lemma misfit_update:
  assumes sg: "simple_graph n E" and e: "{u, v} \<in> E"
  shows "misfit n E b (x({u, v} := x {u, v} + t)) = misfit n E b x
           + 2 * (t * ((incident_sum E x u - b u) + (incident_sum E x v - b v) + t))"
proof -
  define r where "r i = incident_sum E x i - b i" for i
  have uv: "u \<noteq> v" "u \<in> {1..n}" "v \<in> {1..n}"
    using simple_graph_edgeD[OF sg e] by auto
  have "misfit n E b (x({u, v} := x {u, v} + t)) = (\<Sum>i=1..n. (r i + (if i \<in> {u, v} then t else 0))\<^sup>2)"
    unfolding misfit_def r_def incident_sum_update[OF simple_graph_finite[OF sg] e]
    by (simp add: algebra_simps)
  also have "\<dots> = (\<Sum>i=1..n. (r i)\<^sup>2 + (if i \<in> {u, v} then 2 * t * r i + t\<^sup>2 else 0))"
    by (intro sum.cong) (auto simp: power2_eq_square algebra_simps)
  also have "\<dots> = misfit n E b x + (\<Sum>i\<in>{u, v}. 2 * t * r i + t\<^sup>2)"
    using uv unfolding misfit_def r_def
    by (simp only: sum.distrib sum.inter_restrict[OF finite_atLeastAtMost, symmetric]) (simp add: Int_absorb1)
  finally show ?thesis
    using uv unfolding r_def by (simp add: power2_eq_square algebra_simps)
qed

○ ○ ○ ○ ○

- _Task brief_: Beginning with the line that holds "by (intro sum.cong)", please return every line through the end of the data, exactly as written.

- _Solved problem_:
    by (intro sum.cong) (auto simp: power2_eq_square algebra_simps)
  also have "\<dots> = misfit n E b x + (\<Sum>i\<in>{u, v}. 2 * t * r i + t\<^sup>2)"
    using uv unfolding misfit_def r_def
    by (simp only: sum.distrib sum.inter_restrict[OF finite_atLeastAtMost, symmetric]) (simp add: Int_absorb1)
  finally show ?thesis
    using uv unfolding r_def by (simp add: power2_eq_square algebra_simps)
qed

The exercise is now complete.